What to do:
Find every line in the records below that contains the word "shows", and copy each such line.

[Extracted records]

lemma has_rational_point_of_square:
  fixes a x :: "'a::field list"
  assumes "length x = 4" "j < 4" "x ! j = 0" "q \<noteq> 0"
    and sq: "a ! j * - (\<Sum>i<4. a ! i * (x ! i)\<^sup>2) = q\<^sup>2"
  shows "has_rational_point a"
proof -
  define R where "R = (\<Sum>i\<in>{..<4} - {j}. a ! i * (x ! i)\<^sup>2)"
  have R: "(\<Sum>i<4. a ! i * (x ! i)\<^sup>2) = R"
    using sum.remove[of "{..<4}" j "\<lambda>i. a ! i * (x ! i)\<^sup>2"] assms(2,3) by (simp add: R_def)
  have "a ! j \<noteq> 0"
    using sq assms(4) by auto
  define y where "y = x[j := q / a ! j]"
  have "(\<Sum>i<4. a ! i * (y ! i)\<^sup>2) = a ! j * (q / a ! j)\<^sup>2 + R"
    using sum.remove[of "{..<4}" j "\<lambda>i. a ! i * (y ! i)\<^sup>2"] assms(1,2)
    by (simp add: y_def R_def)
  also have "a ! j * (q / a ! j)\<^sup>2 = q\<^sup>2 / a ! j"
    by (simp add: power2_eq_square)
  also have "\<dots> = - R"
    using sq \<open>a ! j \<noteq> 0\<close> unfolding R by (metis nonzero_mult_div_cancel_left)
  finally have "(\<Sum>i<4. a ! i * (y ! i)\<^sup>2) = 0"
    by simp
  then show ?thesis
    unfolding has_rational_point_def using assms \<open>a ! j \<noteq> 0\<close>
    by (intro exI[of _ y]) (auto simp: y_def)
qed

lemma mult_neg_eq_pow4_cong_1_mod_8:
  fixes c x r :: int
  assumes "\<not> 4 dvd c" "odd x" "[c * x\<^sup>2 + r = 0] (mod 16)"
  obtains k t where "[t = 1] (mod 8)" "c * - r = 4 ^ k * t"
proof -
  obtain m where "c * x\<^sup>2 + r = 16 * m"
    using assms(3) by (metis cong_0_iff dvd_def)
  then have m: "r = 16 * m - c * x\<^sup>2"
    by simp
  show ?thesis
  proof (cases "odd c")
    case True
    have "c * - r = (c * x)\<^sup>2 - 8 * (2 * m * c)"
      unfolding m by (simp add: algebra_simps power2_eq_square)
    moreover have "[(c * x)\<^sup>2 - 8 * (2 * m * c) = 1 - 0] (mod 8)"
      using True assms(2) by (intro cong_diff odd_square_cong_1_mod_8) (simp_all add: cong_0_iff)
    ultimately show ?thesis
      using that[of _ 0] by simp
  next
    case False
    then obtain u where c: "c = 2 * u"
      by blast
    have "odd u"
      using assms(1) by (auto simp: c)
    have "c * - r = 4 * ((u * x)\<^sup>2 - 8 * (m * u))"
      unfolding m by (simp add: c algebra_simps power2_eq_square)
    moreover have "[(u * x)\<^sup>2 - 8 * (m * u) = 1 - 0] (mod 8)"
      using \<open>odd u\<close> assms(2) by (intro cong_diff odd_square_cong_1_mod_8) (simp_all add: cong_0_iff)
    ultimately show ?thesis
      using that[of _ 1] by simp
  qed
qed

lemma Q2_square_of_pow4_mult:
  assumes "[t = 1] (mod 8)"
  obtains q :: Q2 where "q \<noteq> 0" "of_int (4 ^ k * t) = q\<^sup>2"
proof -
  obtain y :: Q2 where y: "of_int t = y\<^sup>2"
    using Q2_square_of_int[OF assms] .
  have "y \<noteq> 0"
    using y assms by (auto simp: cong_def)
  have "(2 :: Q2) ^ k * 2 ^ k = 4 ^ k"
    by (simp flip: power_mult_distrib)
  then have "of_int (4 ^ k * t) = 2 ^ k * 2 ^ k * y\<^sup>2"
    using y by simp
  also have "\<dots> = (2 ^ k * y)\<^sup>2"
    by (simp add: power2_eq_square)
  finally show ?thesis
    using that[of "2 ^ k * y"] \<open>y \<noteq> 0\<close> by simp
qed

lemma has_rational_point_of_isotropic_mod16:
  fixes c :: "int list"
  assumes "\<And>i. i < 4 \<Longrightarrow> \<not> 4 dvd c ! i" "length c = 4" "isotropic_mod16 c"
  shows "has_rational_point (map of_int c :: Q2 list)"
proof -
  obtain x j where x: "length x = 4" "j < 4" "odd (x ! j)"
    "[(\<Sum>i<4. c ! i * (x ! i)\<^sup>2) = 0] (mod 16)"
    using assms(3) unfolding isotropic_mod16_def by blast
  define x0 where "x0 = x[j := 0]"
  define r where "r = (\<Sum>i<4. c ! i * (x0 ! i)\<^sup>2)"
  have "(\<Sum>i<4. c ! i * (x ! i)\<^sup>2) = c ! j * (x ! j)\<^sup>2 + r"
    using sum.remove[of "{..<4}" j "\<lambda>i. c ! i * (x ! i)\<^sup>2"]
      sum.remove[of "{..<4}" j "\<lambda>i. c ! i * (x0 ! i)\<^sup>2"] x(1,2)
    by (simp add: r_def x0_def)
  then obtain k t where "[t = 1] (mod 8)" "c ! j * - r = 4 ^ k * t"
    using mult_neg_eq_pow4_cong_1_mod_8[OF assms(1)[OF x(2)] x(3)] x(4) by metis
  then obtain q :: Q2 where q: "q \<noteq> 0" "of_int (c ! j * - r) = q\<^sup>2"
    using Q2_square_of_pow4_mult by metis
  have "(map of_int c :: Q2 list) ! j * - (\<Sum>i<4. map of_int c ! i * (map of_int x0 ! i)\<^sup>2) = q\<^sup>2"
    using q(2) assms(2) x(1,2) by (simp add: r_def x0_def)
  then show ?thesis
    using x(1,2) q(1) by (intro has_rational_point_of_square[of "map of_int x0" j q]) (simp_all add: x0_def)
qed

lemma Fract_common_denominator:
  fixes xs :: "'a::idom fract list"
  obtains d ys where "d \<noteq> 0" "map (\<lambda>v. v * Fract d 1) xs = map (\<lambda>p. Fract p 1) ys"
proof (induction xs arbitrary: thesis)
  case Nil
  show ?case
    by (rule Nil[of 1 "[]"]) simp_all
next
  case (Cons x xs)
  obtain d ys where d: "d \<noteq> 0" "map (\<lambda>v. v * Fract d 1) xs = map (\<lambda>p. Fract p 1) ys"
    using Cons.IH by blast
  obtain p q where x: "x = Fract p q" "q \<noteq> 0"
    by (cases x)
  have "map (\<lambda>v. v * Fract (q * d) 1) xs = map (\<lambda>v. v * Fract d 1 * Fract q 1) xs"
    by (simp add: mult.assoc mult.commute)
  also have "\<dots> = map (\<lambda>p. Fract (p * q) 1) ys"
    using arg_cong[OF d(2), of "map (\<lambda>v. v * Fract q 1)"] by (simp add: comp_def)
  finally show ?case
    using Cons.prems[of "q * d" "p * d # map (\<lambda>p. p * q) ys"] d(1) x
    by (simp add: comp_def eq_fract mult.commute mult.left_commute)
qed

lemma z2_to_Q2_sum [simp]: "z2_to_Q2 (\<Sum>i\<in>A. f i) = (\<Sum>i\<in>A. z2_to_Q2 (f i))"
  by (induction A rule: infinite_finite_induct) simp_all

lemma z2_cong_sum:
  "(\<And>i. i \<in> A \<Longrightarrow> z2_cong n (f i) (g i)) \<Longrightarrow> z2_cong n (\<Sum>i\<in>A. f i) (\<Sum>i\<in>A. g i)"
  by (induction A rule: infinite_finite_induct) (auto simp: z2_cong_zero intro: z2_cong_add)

* * *

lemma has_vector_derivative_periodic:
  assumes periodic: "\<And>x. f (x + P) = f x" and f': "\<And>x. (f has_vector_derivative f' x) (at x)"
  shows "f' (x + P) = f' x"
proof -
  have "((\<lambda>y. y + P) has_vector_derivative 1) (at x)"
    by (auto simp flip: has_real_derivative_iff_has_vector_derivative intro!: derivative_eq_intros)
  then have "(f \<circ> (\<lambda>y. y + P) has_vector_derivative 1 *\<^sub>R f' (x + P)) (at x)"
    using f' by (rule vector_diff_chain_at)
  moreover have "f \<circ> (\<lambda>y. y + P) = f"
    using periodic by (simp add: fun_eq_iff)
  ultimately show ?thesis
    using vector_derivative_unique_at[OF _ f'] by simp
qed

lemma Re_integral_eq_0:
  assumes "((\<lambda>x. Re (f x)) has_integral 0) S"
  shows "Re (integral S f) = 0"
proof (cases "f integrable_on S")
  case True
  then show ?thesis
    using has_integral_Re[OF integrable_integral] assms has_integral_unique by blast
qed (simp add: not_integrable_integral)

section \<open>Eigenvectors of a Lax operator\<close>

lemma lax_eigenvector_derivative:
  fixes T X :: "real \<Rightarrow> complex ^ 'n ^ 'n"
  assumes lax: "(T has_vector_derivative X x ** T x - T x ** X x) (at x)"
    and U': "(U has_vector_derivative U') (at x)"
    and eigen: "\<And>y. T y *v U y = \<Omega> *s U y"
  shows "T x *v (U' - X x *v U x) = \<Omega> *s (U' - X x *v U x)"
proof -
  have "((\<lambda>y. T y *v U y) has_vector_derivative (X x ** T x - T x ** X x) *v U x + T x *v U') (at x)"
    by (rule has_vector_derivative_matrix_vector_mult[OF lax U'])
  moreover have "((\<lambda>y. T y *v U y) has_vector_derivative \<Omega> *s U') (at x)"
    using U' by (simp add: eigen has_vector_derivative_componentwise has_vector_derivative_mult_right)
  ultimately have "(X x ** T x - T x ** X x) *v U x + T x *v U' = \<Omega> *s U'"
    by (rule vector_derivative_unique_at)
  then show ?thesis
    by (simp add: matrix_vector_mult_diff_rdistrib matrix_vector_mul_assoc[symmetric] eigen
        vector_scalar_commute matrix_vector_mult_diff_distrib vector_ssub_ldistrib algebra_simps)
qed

...

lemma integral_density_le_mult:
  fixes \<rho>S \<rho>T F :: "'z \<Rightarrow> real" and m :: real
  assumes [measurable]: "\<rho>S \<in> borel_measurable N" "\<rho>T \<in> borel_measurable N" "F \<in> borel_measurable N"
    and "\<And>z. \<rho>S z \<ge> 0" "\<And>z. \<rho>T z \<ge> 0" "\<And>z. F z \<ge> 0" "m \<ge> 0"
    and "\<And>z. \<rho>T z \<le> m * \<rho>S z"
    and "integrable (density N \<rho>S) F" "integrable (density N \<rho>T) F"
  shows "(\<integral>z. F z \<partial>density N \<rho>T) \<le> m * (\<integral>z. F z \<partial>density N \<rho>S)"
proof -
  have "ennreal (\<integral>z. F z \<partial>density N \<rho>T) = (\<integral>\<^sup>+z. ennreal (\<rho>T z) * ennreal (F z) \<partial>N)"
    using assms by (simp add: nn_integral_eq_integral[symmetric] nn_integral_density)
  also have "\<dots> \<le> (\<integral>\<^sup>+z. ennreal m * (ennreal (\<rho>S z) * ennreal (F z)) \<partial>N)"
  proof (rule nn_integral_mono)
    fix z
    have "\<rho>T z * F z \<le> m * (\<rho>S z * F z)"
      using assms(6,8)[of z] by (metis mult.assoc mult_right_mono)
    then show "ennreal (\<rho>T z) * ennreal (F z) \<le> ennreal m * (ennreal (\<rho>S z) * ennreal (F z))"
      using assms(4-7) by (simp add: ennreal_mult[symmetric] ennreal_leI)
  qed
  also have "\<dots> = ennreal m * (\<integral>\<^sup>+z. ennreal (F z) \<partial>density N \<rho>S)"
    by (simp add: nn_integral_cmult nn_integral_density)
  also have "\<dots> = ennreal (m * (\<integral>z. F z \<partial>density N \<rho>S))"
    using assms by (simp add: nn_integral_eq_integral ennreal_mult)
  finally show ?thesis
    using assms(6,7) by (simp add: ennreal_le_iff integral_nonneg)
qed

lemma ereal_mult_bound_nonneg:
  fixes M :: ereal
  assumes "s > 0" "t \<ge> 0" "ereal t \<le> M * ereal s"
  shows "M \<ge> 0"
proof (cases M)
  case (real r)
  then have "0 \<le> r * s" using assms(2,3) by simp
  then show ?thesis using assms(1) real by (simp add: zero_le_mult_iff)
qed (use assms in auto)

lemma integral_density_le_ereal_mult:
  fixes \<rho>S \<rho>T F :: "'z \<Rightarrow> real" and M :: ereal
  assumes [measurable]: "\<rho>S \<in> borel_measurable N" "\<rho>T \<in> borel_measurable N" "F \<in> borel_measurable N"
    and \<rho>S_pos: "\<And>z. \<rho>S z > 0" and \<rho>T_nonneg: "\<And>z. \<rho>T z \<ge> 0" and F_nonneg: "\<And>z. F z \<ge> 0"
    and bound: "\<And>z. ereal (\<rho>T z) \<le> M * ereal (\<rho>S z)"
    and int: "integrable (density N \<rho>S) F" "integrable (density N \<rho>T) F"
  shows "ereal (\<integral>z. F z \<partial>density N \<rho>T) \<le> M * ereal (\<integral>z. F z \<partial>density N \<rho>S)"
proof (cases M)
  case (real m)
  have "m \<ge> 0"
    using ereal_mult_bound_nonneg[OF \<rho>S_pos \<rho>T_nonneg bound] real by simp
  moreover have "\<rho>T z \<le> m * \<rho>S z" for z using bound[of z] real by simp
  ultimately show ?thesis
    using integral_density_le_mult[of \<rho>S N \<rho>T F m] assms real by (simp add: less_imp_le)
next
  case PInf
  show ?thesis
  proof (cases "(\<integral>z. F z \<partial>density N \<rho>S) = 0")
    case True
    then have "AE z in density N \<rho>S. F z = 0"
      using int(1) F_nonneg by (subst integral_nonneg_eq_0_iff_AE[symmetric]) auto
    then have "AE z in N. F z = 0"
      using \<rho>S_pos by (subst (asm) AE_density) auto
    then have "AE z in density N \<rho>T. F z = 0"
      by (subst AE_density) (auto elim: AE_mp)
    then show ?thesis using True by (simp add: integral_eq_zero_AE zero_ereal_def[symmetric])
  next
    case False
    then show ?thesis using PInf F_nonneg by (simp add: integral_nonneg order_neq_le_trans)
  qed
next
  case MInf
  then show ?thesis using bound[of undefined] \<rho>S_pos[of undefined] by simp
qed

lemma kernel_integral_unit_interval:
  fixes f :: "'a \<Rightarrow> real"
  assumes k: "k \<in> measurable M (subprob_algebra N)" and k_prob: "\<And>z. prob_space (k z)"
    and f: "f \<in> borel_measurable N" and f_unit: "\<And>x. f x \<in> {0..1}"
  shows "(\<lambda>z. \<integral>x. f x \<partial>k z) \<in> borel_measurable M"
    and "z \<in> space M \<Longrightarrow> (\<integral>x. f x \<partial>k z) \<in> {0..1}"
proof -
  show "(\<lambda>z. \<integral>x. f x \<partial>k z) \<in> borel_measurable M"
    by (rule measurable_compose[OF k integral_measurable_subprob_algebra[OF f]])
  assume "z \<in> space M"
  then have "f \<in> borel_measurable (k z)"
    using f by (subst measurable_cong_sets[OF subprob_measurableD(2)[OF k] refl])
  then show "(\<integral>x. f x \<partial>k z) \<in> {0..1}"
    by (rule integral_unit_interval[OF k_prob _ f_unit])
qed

Exercise result:
  shows "has_rational_point a"
  shows "has_rational_point (map of_int c :: Q2 list)"
  shows "f' (x + P) = f' x"
  shows "Re (integral S f) = 0"
  shows "T x *v (U' - X x *v U x) = \<Omega> *s (U' - X x *v U x)"
  shows "(\<integral>z. F z \<partial>density N \<rho>T) \<le> m * (\<integral>z. F z \<partial>density N \<rho>S)"
  shows "M \<ge> 0"
  shows "ereal (\<integral>z. F z \<partial>density N \<rho>T) \<le> M * ereal (\<integral>z. F z \<partial>density N \<rho>S)"
  shows "(\<lambda>z. \<integral>x. f x \<partial>k z) \<in> borel_measurable M"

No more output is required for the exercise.